1. David Bowie died at age 69. His first hit, “Space Oddity,” launched his career in 1969.

2. When asked who or what made him first want to sing, Bowie said: “Little Richard. If it hadn’t have been for him, I probably wouldn’t have gone into music. When I was nine and first saw Little Richard in a film that played around town—I think it was probably Girl Can’t Help It—seeing those four saxophonists onstage, it was like, ‘I want to be in that band!’ And for a couple of years that was my ambition, to be in a band playing saxophone behind Little Richard.

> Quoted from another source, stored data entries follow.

(* Let $v:\mathbb{R}\to(0,\infty)$ be decreasing on $(-\infty,0]$ and increasing on $[0,\infty)$, with $v(0)\ge1$. Then $v$ is admissible if and only if \[\sup_{t\in\mathbb{R}}\frac{v(2t)}{v(t)}<\infty.\]
   Context: A measurable function $v:\mathbb{R}\to(0,\infty)$ is called admissible if $v(s)\ge1$ for all $s\in\mathbb{R}$ and $\sup_{s,t\in\mathbb{R}}\frac{v(s+t)}{v(s)+v(t)}<\infty$. *)

theory Defs
  imports "HOL-Analysis.Analysis"
begin

definition admissible :: "(real \<Rightarrow> real) \<Rightarrow> bool" where
  "admissible v \<longleftrightarrow> v \<in> borel_measurable borel \<and> (\<forall>s. v s > 0) \<and> (\<forall>s. v s \<ge> 1) \<and>
     bdd_above {v (s + t) / (v s + v t) | s t. True}"

end

theory Submission
  imports Defs
begin

text \<open>
  Taking \<open>s = t\<close> shows that admissibility gives the doubling bound.  Conversely, of \<open>s\<close> and
  \<open>t\<close> let \<open>s\<close> be the one of larger modulus; then \<open>s + t\<close> lies between \<open>0\<close> and \<open>2 s\<close>, so
  monotonicity on either side of \<open>0\<close> gives \<open>v (s + t) \<le> v (2 s) \<le> K v s\<close>.
\<close>

lemma bdd_above_range_divide_iff:
  fixes f g :: "'a \<Rightarrow> real"
  assumes "\<And>x. g x > 0"
  shows "bdd_above (range (\<lambda>x. f x / g x)) \<longleftrightarrow> (\<exists>K. \<forall>x. f x \<le> K * g x)"
  using assms by (auto simp: bdd_above_def pos_divide_le_eq)

lemma valley_min:
  fixes v :: "real \<Rightarrow> real"
  assumes "antimono_on {..a} v" "mono_on {a..} v"
  shows "v a \<le> v s"
  using assms by (cases "s \<le> a") (auto simp: monotone_on_def)

lemma borel_measurable_valley:
  fixes v :: "real \<Rightarrow> real"
  assumes dec: "antimono_on {..a} v" and inc: "mono_on {a..} v"
  shows "v \<in> borel_measurable borel"
proof -
  have "mono (\<lambda>x. - v (min x a))" "mono (\<lambda>x. v (max x a))"
    using dec inc by (auto simp: mono_def monotone_on_def min_def max_def)
  then have "(\<lambda>x. v (max x a) - (- v (min x a)) - v a) \<in> borel_measurable borel"
    by (intro borel_measurable_diff borel_measurable_mono borel_measurable_const)
  moreover have "(\<lambda>x. v (max x a) - (- v (min x a)) - v a) = v"
    by (auto simp: min_def max_def)
  ultimately show ?thesis
    by simp
qed

lemma valley_le_doubling_bound:
  fixes v :: "real \<Rightarrow> real"
  assumes dec: "antimono_on {..0} v" and inc: "mono_on {0..} v"
    and doubling: "\<And>t. v (2 * t) \<le> K * v t"
    and "\<bar>x\<bar> \<le> 2 * \<bar>u\<bar>" "0 \<le> x * u"
  shows "v x \<le> K * v u"
proof (cases "0 \<le> u")
  case True
  with assms(4,5) have "0 \<le> x" "x \<le> 2 * u"
    by (auto simp: zero_le_mult_iff)
  with inc have "v x \<le> v (2 * u)"
    by (auto simp: monotone_on_def)
  then show ?thesis
    using doubling[of u] by (rule order_trans)
next
  case False
  with assms(4,5) have "x \<le> 0" "2 * u \<le> x"
    by (auto simp: zero_le_mult_iff)
  with dec have "v x \<le> v (2 * u)"
    by (auto simp: monotone_on_def)
  then show ?thesis
    using doubling[of u] by (rule order_trans)
qed

lemma valley_add_le_doubling_bound:
  fixes v :: "real \<Rightarrow> real"
  assumes dec: "antimono_on {..0} v" and inc: "mono_on {0..} v"
    and doubling: "\<And>t. v (2 * t) \<le> K * v t" and "0 < v 0"
  shows "v (s + t) \<le> K * max (v s) (v t)"
proof -
  have "v (s + t) \<le> K * v s \<or> v (s + t) \<le> K * v t"
  proof (cases "\<bar>t\<bar> \<le> \<bar>s\<bar>")
    case True
    then have "0 \<le> (s + t) * s"
      by (auto simp: zero_le_mult_iff)
    with True show ?thesis
      using valley_le_doubling_bound[OF dec inc doubling, of "s + t" s] by auto
  next
    case False
    then have "0 \<le> (s + t) * t"
      by (auto simp: zero_le_mult_iff)
    with False show ?thesis
      using valley_le_doubling_bound[OF dec inc doubling, of "s + t" t] by auto
  qed
  moreover have "0 \<le> K"
    using doubling[of 0] \<open>0 < v 0\<close> by (simp add: mult_le_cancel_right1)
  ultimately show ?thesis
    by (metis max.cobounded1 max.cobounded2 mult_left_mono order_trans)
qed

lemma sum_bound_imp_doubling_bound:
  fixes v :: "real \<Rightarrow> real"
  assumes "\<And>s t. v (s + t) \<le> K * (v s + v t)"
  shows "v (2 * t) \<le> (2 * K) * v t"
  using assms[of t t] by (simp add: mult_2 algebra_simps)

lemma valley_doubling_bound_imp_sum_bound:
  fixes v :: "real \<Rightarrow> real"
  assumes dec: "antimono_on {..0} v" and inc: "mono_on {0..} v" and pos: "\<And>s. 0 < v s"
    and doubling: "\<And>t. v (2 * t) \<le> K * v t"
  shows "v (s + t) \<le> K * (v s + v t)"
proof -
  have "0 \<le> K"
    using doubling[of 0] pos[of 0] by (simp add: mult_le_cancel_right1)
  have "v (s + t) \<le> K * max (v s) (v t)"
    using valley_add_le_doubling_bound[OF dec inc doubling pos] .
  also have "\<dots> \<le> K * (v s + v t)"
    using \<open>0 \<le> K\<close> pos[of s] pos[of t] by (intro mult_left_mono) auto
  finally show ?thesis .
qed

theorem lemma2p2:
  fixes v :: "real \<Rightarrow> real"
  assumes pos: "\<And>s. v s > 0"
    and dec: "antimono_on {..0} v"
    and inc: "mono_on {0..} v"
    and v0: "v 0 \<ge> 1"
  shows "admissible v \<longleftrightarrow> bdd_above {v (2 * t) / v t | t. True}"
proof -
  have ge1: "v s \<ge> 1" for s
    using valley_min[OF dec inc, of s] v0 by simp
  have "{v (s + t) / (v s + v t) | s t. True} = range (\<lambda>(s, t). v (s + t) / (v s + v t))"
    by auto
  then have "admissible v \<longleftrightarrow> (\<exists>K. \<forall>s t. v (s + t) \<le> K * (v s + v t))"
    using borel_measurable_valley[OF dec inc] pos ge1
    by (simp add: admissible_def bdd_above_range_divide_iff add_pos_pos split_def)
  also have "\<dots> \<longleftrightarrow> (\<exists>K. \<forall>t. v (2 * t) \<le> K * v t)"
    using sum_bound_imp_doubling_bound valley_doubling_bound_imp_sum_bound[OF dec inc pos]
    by blast
  also have "\<dots> \<longleftrightarrow> bdd_above {v (2 * t) / v t | t. True}"
    using pos by (simp add: full_SetCompr_eq bdd_above_range_divide_iff)
  finally show ?thesis .
qed

end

That’s why I got a saxophone.”

3. In 1983, David Bowie socked it to MTV over the network’s shunning of music videos by artists of color.

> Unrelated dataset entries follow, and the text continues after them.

lemma pr_surj: "prime p \<Longrightarrow> \<exists>k. pr k = p"
  using enumerate_Ex[OF primes_infinite, of p] by (simp add: pr_eq_enumerate)

lemma pr_ge: "k + 2 \<le> pr k"
proof (induction k)
  case 0
  show ?case using prime_ge_2_nat[OF prime_pr[of 0]] by simp
next
  case (Suc k)
  then show ?case using strict_mono_less[OF strict_mono_pr, of k "Suc k"] by simp
qed

lemma pr_gt_1: "1 < pr k"
  using pr_ge[of k] by simp

section \<open>Euler products\<close>

lemma sigma_pp_enat: "0 < p \<Longrightarrow> sigma_pp r p (enat k) = (\<Sum>i\<le>k. (real p powr - r) ^ i)"
  by (simp add: sigma_pp_def powr_realpow[symmetric] powr_powr mult.commute)

lemma sigma_pp_infinity: "sigma_pp r p \<infinity> = 1 / (1 - real p powr - r)"
  by (simp add: sigma_pp_def)

lemma sigma_pp_zero: "0 < p \<Longrightarrow> sigma_pp r p 0 = 1"
  by (simp add: sigma_pp_def zero_enat_def)

lemma sigma_pp_one: "0 < p \<Longrightarrow> sigma_pp r p 1 = 1 + real p powr - r"
  using sigma_pp_enat[of p r 1] by (simp add: one_enat_def)

lemma powr_neg_bounds:
  fixes x r :: real
  assumes "1 < x" "0 < r"
  shows "0 < x powr - r" "x powr - r < 1"
  using assms powr_less_one[of x "- r"] by auto

lemma geometric_partial_sum_le:
  fixes x :: real
  assumes "0 \<le> x" "x < 1"
  shows "(\<Sum>i\<le>k. x ^ i) \<le> 1 / (1 - x)"
  using sum_le_suminf[OF summable_geometric, of x "{..k}"] suminf_geometric[of x] assms by simp

lemma sigma_pp_ge_partial_sum:
  assumes "1 < p" "0 < r" "enat k \<le> a"
  shows "(\<Sum>i\<le>k. (real p powr - r) ^ i) \<le> sigma_pp r p a"
proof (cases a)
  case (enat l)
  with assms show ?thesis by (auto simp: sigma_pp_enat intro!: sum_mono2)
next
  case infinity
  with assms show ?thesis
    using powr_neg_bounds[of "real p" r] by (simp add: sigma_pp_infinity geometric_partial_sum_le)
qed

lemma sigma_pp_le_infinity:
  assumes "1 < p" "0 < r"
  shows "sigma_pp r p a \<le> sigma_pp r p \<infinity>"
proof (cases a)
  case (enat l)
  with assms show ?thesis
    using powr_neg_bounds[of "real p" r] by (simp add: sigma_pp_enat sigma_pp_infinity geometric_partial_sum_le)
qed simp

lemma sigma_pp_ge_1:
  "1 < p \<Longrightarrow> 0 < r \<Longrightarrow> 1 \<le> sigma_pp r p a"
  using sigma_pp_ge_partial_sum[of p r 0 a] by (simp add: zero_enat_def[symmetric])

lemma sigma_pp_ge_linear:
  "1 < p \<Longrightarrow> 0 < r \<Longrightarrow> a \<noteq> 0 \<Longrightarrow> 1 + real p powr - r \<le> sigma_pp r p a"
  using sigma_pp_ge_partial_sum[of p r 1 a]
  by (cases a) (auto simp: one_enat_def zero_enat_def)

lemma sigma_pp_ge_quadratic:
  "1 < p \<Longrightarrow> 0 < r \<Longrightarrow> 2 \<le> a \<Longrightarrow> 1 + real p powr - r + (real p powr - r)\<^sup>2 \<le> sigma_pp r p a"
  using sigma_pp_ge_partial_sum[of p r 2 a] by (simp add: numeral_eq_enat numeral_2_eq_2)

definition euler_factor :: "real \<Rightarrow> (nat \<Rightarrow> enat) \<Rightarrow> nat \<Rightarrow> real" where
  "euler_factor r \<alpha> k = sigma_pp r (pr k) (\<alpha> (pr k))"

lemma sigma_st_eq_prodinf: "sigma_st r \<alpha> = (\<Prod>k. euler_factor r \<alpha> k)"
  by (simp add: sigma_st_def euler_factor_def)

lemma u_tail_eq_prodinf: "u_tail n r = (\<Prod>k. euler_factor r (\<lambda>_. \<infinity>) (k + n))"
  by (simp add: u_tail_def euler_factor_def sigma_pp_infinity add.commute)

lemma euler_factor_ge_1: "0 < r \<Longrightarrow> 1 \<le> euler_factor r \<alpha> k"
  by (simp add: euler_factor_def sigma_pp_ge_1[OF pr_gt_1])

lemma euler_factor_le_infinity: "0 < r \<Longrightarrow> euler_factor r \<alpha> k \<le> euler_factor r (\<lambda>_. \<infinity>) k"
  by (simp add: euler_factor_def sigma_pp_le_infinity[OF pr_gt_1])

lemma euler_factor_eq_1: "\<alpha> (pr k) = 0 \<Longrightarrow> euler_factor r \<alpha> k = 1"
  using pr_gt_1[of k] by (simp add: euler_factor_def sigma_pp_zero)

lemma euler_factor_infinity_minus_1_le:
  assumes "1 < r" "1 \<le> k"
  shows "euler_factor r (\<lambda>_. \<infinity>) k - 1 \<le> 2 * real k powr - r"
proof -
  define x where "x = real (pr k) powr - r"
  have x: "0 < x" "x < 1"
    using powr_neg_bounds[of "real (pr k)" r] pr_gt_1[of k] assms by (auto simp: x_def)
  have "x \<le> 2 powr - r"
    unfolding x_def using pr_ge[of k] assms by (intro powr_mono2') auto
  also have "\<dots> \<le> 2 powr - 1"
    using assms by (intro powr_mono) auto
  finally have "x \<le> 1 / 2"
    by (simp add: powr_minus_divide)
  then have "euler_factor r (\<lambda>_. \<infinity>) k - 1 \<le> 2 * x"
    using x by (simp add: euler_factor_def sigma_pp_infinity x_def[symmetric] field_simps)
  also have "x \<le> real k powr - r"
    unfolding x_def using pr_ge[of k] assms by (intro powr_mono2') auto
  finally show ?thesis
    by simp
qed

lemma convergent_prod_euler_factor:
  assumes "1 < r"
  shows "convergent_prod (euler_factor r \<alpha>)"
proof -
  have "summable (\<lambda>k. 2 * real k powr - r)"
    using assms by (simp add: summable_real_powr_iff)
  moreover have "norm (norm (euler_factor r \<alpha> k - 1)) \<le> 2 * real k powr - r" if "1 \<le> k" for k
    using euler_factor_ge_1[of r \<alpha> k] euler_factor_le_infinity[of r \<alpha> k]
      euler_factor_infinity_minus_1_le[OF assms that] assms
    by simp
  ultimately have "summable (\<lambda>k. norm (euler_factor r \<alpha> k - 1))"
    by (rule summable_comparison_test'[where N = 1])
  then show ?thesis
    by (intro abs_convergent_prod_imp_convergent_prod summable_imp_abs_convergent_prod)
qed

lemma prod_le_prodinf_of_ge_1:
  fixes f :: "nat \<Rightarrow> real"
  assumes "convergent_prod f" "\<And>k. 1 \<le> f k" "finite I"
  shows "(\<Prod>i\<in>I. f i) \<le> prodinf f"
proof -
  obtain n where "I \<subseteq> {..<n}"
    using assms(3) finite_nat_iff_bounded by auto
  then have "(\<Prod>i\<in>I. f i) \<le> (\<Prod>i<n. f i)"
    using assms(2) by (intro prod_mono2) (auto intro: order_trans[OF zero_le_one])
  also have "\<dots> \<le> prodinf f"
    using assms(1,2) by (intro prod_le_prodinf) (auto intro: order_trans[OF zero_le_one])
  finally show ?thesis .
qed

4. During a Q&A with MTV VJ Mark Goodman, Bowie bluntly asked, “Why are there practically no blacks on the network?”

5. After Goodman fumbled through an answer that MTV’s playlist was the video equivalent of a rock-and-roll radio station, Bowie replied: “Don’t say, ‘Well, it’s not me, it’s them.’ Is it not possible it should be a conviction of the station and of the radio stations to be fair… to make the media more integrated?”

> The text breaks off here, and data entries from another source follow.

(* For every integer $n>2$, the number of triples $(x,y,z)\in\{1,\dots,n\}^3$ with $x<y<z$ and $\gcd(y-x,\,z-y,\,n)=1$ equals $\frac{n}{6}J_2(n)-\frac{n}{2}J_1(n)$.
   Context: Jordan's totient function of order $k\ge1$ is $J_k(n)=n^k\prod_{p\mid n,\ p\text{ prime}}\left(1-p^{-k}\right)$; in particular $J_1=\varphi$ is Euler's totient function. *)

theory Defs
  imports "HOL-Number_Theory.Number_Theory"
begin

definition jordan_totient :: "nat \<Rightarrow> nat \<Rightarrow> real" where
  "jordan_totient k n = real n ^ k * (\<Prod>p\<in>prime_factors n. (1 - 1 / real p ^ k))"

end

theory Submission
  imports Defs
begin

text \<open>
  Let \<open>C g n\<close> be the set of triples \<open>1 \<le> x < y < z \<le> n\<close> with
  \<open>gcd (y - x, z - y, n) = g\<close>.  The proof has three parts.

  A triple is determined by its first entry \<open>x\<close> and its gaps
  \<open>a = y - x\<close>, \<open>b = z - y\<close>, so \<open>|C g n|\<close> is the sum of \<open>n - a - b\<close> over admissible gap
  pairs.  For \<open>n = g m\<close> the admissible gap pairs are exactly \<open>g\<close> times those of
  \<open>C 1 m\<close>, whence \<open>|C g n| = g |C 1 (n/g)|\<close>.  Partitioning all \<open>binomial n 3\<close> triples by
  the value of the gcd gives \<open>\<Sum>d|n. (n/d) |C 1 d| = n(n-1)(n-2)/6\<close>.

  (2) Jordan's totient.  \<open>J_k\<close> is multiplicative and \<open>\<Sum>d|n. J_k d = n^k\<close>; hence the
  function \<open>d/6 J_2 d - d/2 J_1 d + [d = 1]/3\<close> satisfies the same divisor identity.

  Dirichlet convolution with a kernel \<open>h\<close> with \<open>h 1 \<noteq> 0\<close> is
  injective, so \<open>|C 1 n|\<close> equals that function; for \<open>n > 2\<close> the correction term
  vanishes and the theorem follows.
\<close>

lemma jordan_totient_1 [simp]: "jordan_totient k (Suc 0) = 1"
  by (simp add: jordan_totient_def)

6. Although best known for his early ’70s glam rock breakthrough, by mid-decade David Bowie immersed himself in the world of soul, funk, and rhythm and blues.

7. Diamond Dogs, Bowie’s post-apocalyptic 1974 opus, first saw him incorporate black sounds into his signature sci-fi glitter style.

8. In 1975, Bowie fully hurled himself into soul music, resulting in the masterpiece, Young Americans.

9. Bowie recorded Young Americans in Philadelphia, which was then the world’s reigning capitol of soul and R&B.

10. “Plastic soul” is the term Bowie employed to describe the feel of Young Americans. The phrase was initially used somewhat disparagingly in the 1960s by black musicians in describing white rockers who attempted to emulate their work (the Rolling Stones frequently took the brunt of that description).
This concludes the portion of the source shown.